_What you need to do:_ Say how many lines in the records hold the word "argo", and give nothing but that number.

_Material provided:_
(* Let $\gamma>0$, let $\Pi\subseteq\mathbb R^d$ be closed and convex with $0\in\Pi$, let $\theta:\mathbb R^d\to\mathbb R^d$, and define $F(v,z):=\frac12\gamma^2\,\mathrm{dist}^2\{\Pi,\frac{z+\theta(v)}{\gamma}\}-\frac12|z+\theta(v)|^2+\frac12|z|^2$, $G(v,z,\bar z):=\frac1\gamma(F(v,z+\gamma\bar z)-F(v,z))$, and $G^*(v,z,q):=\sup_{\bar z\in\mathbb R^d}(\bar z^{tr}q-G(v,z,\bar z))\in\mathbb R\cup\{\infty\}$. Then: (i) for all $v,z,\bar z\in\mathbb R^d$, $$-\gamma|\bar z|^2-\frac2\gamma(|z|^2+|\theta(v)|^2)\le G(v,z,\bar z)\le\gamma|\bar z|^2+\frac2\gamma(|z|^2+|\theta(v)|^2);$$ (ii) for every $(v,z)$, $q\mapsto G^*(v,z,q)$ is convex; (iii) for all $v,z,q\in\mathbb R^d$, $$G^*(v,z,q)\ge\max\Big\{0,\ \frac{|q|^2}{4\gamma}-\frac2\gamma(|z|^2+|\theta(v)|^2)\Big\}.$$
   Context: $\mathrm{dist}\{\Pi,x\}$ denotes the Euclidean distance from $x\in\mathbb R^d$ to the set $\Pi$. *)

theory Defs
  imports "HOL-Analysis.Analysis"
begin

definition F_fun :: "real \<Rightarrow> 'a::euclidean_space set \<Rightarrow> ('a \<Rightarrow> 'a) \<Rightarrow> 'a \<Rightarrow> 'a \<Rightarrow> real" where
  "F_fun \<gamma> Pi_set \<theta> v z =
     1/2 * \<gamma>^2 * (infdist ((1/\<gamma>) *\<^sub>R (z + \<theta> v)) Pi_set)^2
     - 1/2 * (norm (z + \<theta> v))^2 + 1/2 * (norm z)^2"

definition G_fun :: "real \<Rightarrow> 'a::euclidean_space set \<Rightarrow> ('a \<Rightarrow> 'a) \<Rightarrow> 'a \<Rightarrow> 'a \<Rightarrow> 'a \<Rightarrow> real" where
  "G_fun \<gamma> Pi_set \<theta> v z zb = (F_fun \<gamma> Pi_set \<theta> v (z + \<gamma> *\<^sub>R zb) - F_fun \<gamma> Pi_set \<theta> v z) / \<gamma>"

definition Gstar_fun :: "real \<Rightarrow> 'a::euclidean_space set \<Rightarrow> ('a \<Rightarrow> 'a) \<Rightarrow> 'a \<Rightarrow> 'a \<Rightarrow> 'a \<Rightarrow> ereal" where
  "Gstar_fun \<gamma> Pi_set \<theta> v z q = (SUP zb. ereal (zb \<bullet> q - G_fun \<gamma> Pi_set \<theta> v z zb))"

definition ereal_convex_fun :: "('a::real_vector \<Rightarrow> ereal) \<Rightarrow> bool" where
  "ereal_convex_fun f \<longleftrightarrow> convex {(x, r::real). f x \<le> ereal r}"

end

theory Submission
  imports Defs
begin

text \<open>Since \<open>0 \<in> \<Pi>\<close>, the distance term of \<open>F\<close> lies between \<open>0\<close> and \<open>|z + \<theta> v|\<^sup>2\<close>,
  so \<open>F(v, \<cdot>)\<close> is squeezed between two quadratics in \<open>z\<close> and \<open>\<theta> v\<close>; Young's inequality
  then bounds the increments of \<open>F\<close>, which is (i). Part (ii) holds for the conjugate of any
  function, as its epigraph is an intersection of half-spaces, and (iii) follows by testing
  the supremum at \<open>0\<close> (where \<open>G\<close> vanishes) and at \<open>q / (2\<gamma>)\<close>, using the upper bound in (i).\<close>

definition convex_conjugate :: "('a::real_inner \<Rightarrow> real) \<Rightarrow> 'a \<Rightarrow> ereal" where
  "convex_conjugate f q = (SUP x. ereal (x \<bullet> q - f x))"

lemma convex_conjugate_ge: "ereal (x \<bullet> q - f x) \<le> convex_conjugate f q"
  unfolding convex_conjugate_def by (rule SUP_upper) simp

lemma ereal_convex_fun_convex_conjugate: "ereal_convex_fun (convex_conjugate f)"
proof -
  have "{(q, r). convex_conjugate f q \<le> ereal r} = (\<Inter>x. {p. (x, -1) \<bullet> p \<le> f x})"
    by (auto simp: convex_conjugate_def SUP_le_iff algebra_simps)
  then show ?thesis
    unfolding ereal_convex_fun_def by (simp add: convex_INT convex_halfspace_le)
qed

lemma convex_conjugate_nonneg:
  assumes "f 0 \<le> 0"
  shows "0 \<le> convex_conjugate f q"
proof -
  have "ereal 0 \<le> ereal (0 \<bullet> q - f 0)"
    using assms by simp
  then show ?thesis
    using convex_conjugate_ge order_trans by (metis zero_ereal_def)
qed

lemma convex_conjugate_ge_quadratic:
  assumes "c > 0" and "\<And>x. f x \<le> c * (norm x)\<^sup>2 + b"
  shows "ereal ((norm q)\<^sup>2 / (4 * c) - b) \<le> convex_conjugate f q"
proof -
  let ?x = "(1 / (2 * c)) *\<^sub>R q"
  have "(norm q)\<^sup>2 / (4 * c) - b = ?x \<bullet> q - (c * (norm ?x)\<^sup>2 + b)"
    using assms(1) by (simp add: dot_square_norm field_simps power2_eq_square)
  also have "\<dots> \<le> ?x \<bullet> q - f ?x"
    using assms(2)[of ?x] by linarith
  finally show ?thesis
    using convex_conjugate_ge[of ?x q f] by (meson ereal_less_eq(3) order_trans)
qed

lemma Gstar_fun_eq_convex_conjugate:
  "Gstar_fun \<gamma> Pi_set \<theta> v z = convex_conjugate (G_fun \<gamma> Pi_set \<theta> v z)"
  by (simp add: fun_eq_iff Gstar_fun_def convex_conjugate_def)

lemma inner_le_half_sum_squares:
  fixes x y :: "'a::real_inner"
  shows "x \<bullet> y \<le> ((norm x)\<^sup>2 + (norm y)\<^sup>2) / 2"
proof -
  have "0 \<le> (norm (x - y))\<^sup>2" by simp
  also have "\<dots> = (norm x)\<^sup>2 - 2 * (x \<bullet> y) + (norm y)\<^sup>2"
    by (simp add: power2_norm_eq_inner inner_diff inner_commute)
  finally show ?thesis by simp
qed

lemma F_fun_le_half_norm_sq:
  assumes "\<gamma> > 0" and "0 \<in> Pi_set"
  shows "F_fun \<gamma> Pi_set \<theta> v z \<le> (norm z)\<^sup>2 / 2"
proof -
  let ?x = "z + \<theta> v"
  have "infdist ((1 / \<gamma>) *\<^sub>R ?x) Pi_set \<le> dist ((1 / \<gamma>) *\<^sub>R ?x) 0"
    using assms(2) by (rule infdist_le)
  also have "\<dots> = norm ?x / \<gamma>"
    using assms(1) by simp
  finally have "\<gamma> * infdist ((1 / \<gamma>) *\<^sub>R ?x) Pi_set \<le> norm ?x"
    using assms(1) by (simp add: field_simps)
  then have "(\<gamma> * infdist ((1 / \<gamma>) *\<^sub>R ?x) Pi_set)\<^sup>2 \<le> (norm ?x)\<^sup>2"
    by (rule power_mono) (meson assms(1) infdist_nonneg less_imp_le mult_nonneg_nonneg)
  then show ?thesis
    unfolding F_fun_def by (simp add: power_mult_distrib)
qed

lemma F_fun_ge: "- (z \<bullet> \<theta> v) - (norm (\<theta> v))\<^sup>2 / 2 \<le> F_fun \<gamma> Pi_set \<theta> v z"
proof -
  have "0 \<le> \<gamma>\<^sup>2 * (infdist ((1 / \<gamma>) *\<^sub>R (z + \<theta> v)) Pi_set)\<^sup>2"
    by simp
  then show ?thesis
    using dot_norm[of z "\<theta> v"] unfolding F_fun_def by argo
qed

lemma abs_F_fun_increment_le:
  assumes "\<gamma> > 0" and "0 \<in> Pi_set"
  shows "\<bar>F_fun \<gamma> Pi_set \<theta> v (z + w) - F_fun \<gamma> Pi_set \<theta> v z\<bar>
    \<le> (norm w)\<^sup>2 + 2 * ((norm z)\<^sup>2 + (norm (\<theta> v))\<^sup>2)"
proof -
  let ?F = "F_fun \<gamma> Pi_set \<theta> v" and ?t = "\<theta> v"
  have "?F (z + w) - ?F z \<le> (norm (z + w))\<^sup>2 / 2 + z \<bullet> ?t + (norm ?t)\<^sup>2 / 2"
    using F_fun_le_half_norm_sq[OF assms, of \<theta> v "z + w"] F_fun_ge[of z \<theta> v \<gamma> Pi_set] by simp
  moreover have "?F z - ?F (z + w) \<le> (norm z)\<^sup>2 / 2 + z \<bullet> ?t + w \<bullet> ?t + (norm ?t)\<^sup>2 / 2"
    using F_fun_le_half_norm_sq[OF assms, of \<theta> v z] F_fun_ge[of "z + w" \<theta> v \<gamma> Pi_set]
    by (simp add: inner_add_left)
  ultimately show ?thesis
    using inner_le_half_sum_squares[of z w] inner_le_half_sum_squares[of z ?t]
      inner_le_half_sum_squares[of w ?t] dot_norm[of z w] zero_le_power2[of "norm z"] zero_le_power2[of "norm ?t"]
      zero_le_power2[of "norm w"]
    unfolding abs_le_iff by argo
qed

lemma abs_G_fun_le:
  assumes "\<gamma> > 0" and "0 \<in> Pi_set"
  shows "\<bar>G_fun \<gamma> Pi_set \<theta> v z zb\<bar>
    \<le> \<gamma> * (norm zb)\<^sup>2 + 2 / \<gamma> * ((norm z)\<^sup>2 + (norm (\<theta> v))\<^sup>2)"
proof -
  have "\<bar>G_fun \<gamma> Pi_set \<theta> v z zb\<bar>
      \<le> ((norm (\<gamma> *\<^sub>R zb))\<^sup>2 + 2 * ((norm z)\<^sup>2 + (norm (\<theta> v))\<^sup>2)) / \<gamma>"
    using abs_F_fun_increment_le[OF assms, of \<theta> v z "\<gamma> *\<^sub>R zb"] assms(1)
    unfolding G_fun_def by (simp add: divide_right_mono)
  also have "\<dots> = \<gamma> * (norm zb)\<^sup>2 + 2 / \<gamma> * ((norm z)\<^sup>2 + (norm (\<theta> v))\<^sup>2)"
    using assms(1) by (simp add: power_mult_distrib field_simps power2_eq_square)
  finally show ?thesis .
qed

theorem lemma10:
  fixes \<gamma> :: real and Pi_set :: "'a::euclidean_space set" and \<theta> :: "'a \<Rightarrow> 'a"
  assumes "\<gamma> > 0" and "closed Pi_set" and "convex Pi_set" and "0 \<in> Pi_set"
  shows "(\<forall>v z zb.
            - \<gamma> * (norm zb)^2 - 2/\<gamma> * ((norm z)^2 + (norm (\<theta> v))^2) \<le> G_fun \<gamma> Pi_set \<theta> v z zb
          \<and> G_fun \<gamma> Pi_set \<theta> v z zb \<le> \<gamma> * (norm zb)^2 + 2/\<gamma> * ((norm z)^2 + (norm (\<theta> v))^2))
       \<and> (\<forall>v z. ereal_convex_fun (\<lambda>q. Gstar_fun \<gamma> Pi_set \<theta> v z q))
       \<and> (\<forall>v z q. Gstar_fun \<gamma> Pi_set \<theta> v z q \<ge>
            ereal (max 0 ((norm q)^2 / (4*\<gamma>) - 2/\<gamma> * ((norm z)^2 + (norm (\<theta> v))^2))))"
proof (intro conjI allI)
  fix v z zb :: 'a
  show "- \<gamma> * (norm zb)^2 - 2/\<gamma> * ((norm z)^2 + (norm (\<theta> v))^2) \<le> G_fun \<gamma> Pi_set \<theta> v z zb"
    and "G_fun \<gamma> Pi_set \<theta> v z zb \<le> \<gamma> * (norm zb)^2 + 2/\<gamma> * ((norm z)^2 + (norm (\<theta> v))^2)"
    using abs_G_fun_le[OF assms(1,4), of \<theta> v z zb] by (simp_all add: abs_le_iff)
next
  fix v z :: 'a
  show "ereal_convex_fun (\<lambda>q. Gstar_fun \<gamma> Pi_set \<theta> v z q)"
    using ereal_convex_fun_convex_conjugate by (simp add: Gstar_fun_eq_convex_conjugate)
next
  fix v z q :: 'a
  have "0 \<le> convex_conjugate (G_fun \<gamma> Pi_set \<theta> v z) q"
    by (rule convex_conjugate_nonneg) (simp add: G_fun_def)
  moreover have "ereal ((norm q)^2 / (4*\<gamma>) - 2/\<gamma> * ((norm z)^2 + (norm (\<theta> v))^2))
      \<le> convex_conjugate (G_fun \<gamma> Pi_set \<theta> v z) q"
  proof (rule convex_conjugate_ge_quadratic[OF assms(1)])
    fix zb
    show "G_fun \<gamma> Pi_set \<theta> v z zb \<le> \<gamma> * (norm zb)^2 + 2/\<gamma> * ((norm z)^2 + (norm (\<theta> v))^2)"
      using abs_G_fun_le[OF assms(1,4), of \<theta> v z zb] by linarith
  qed
  ultimately show "ereal (max 0 ((norm q)^2 / (4*\<gamma>) - 2/\<gamma> * ((norm z)^2 + (norm (\<theta> v))^2)))
      \<le> Gstar_fun \<gamma> Pi_set \<theta> v z q"
    by (simp add: Gstar_fun_eq_convex_conjugate max_def zero_ereal_def)
qed

end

_Worked solution:_ 2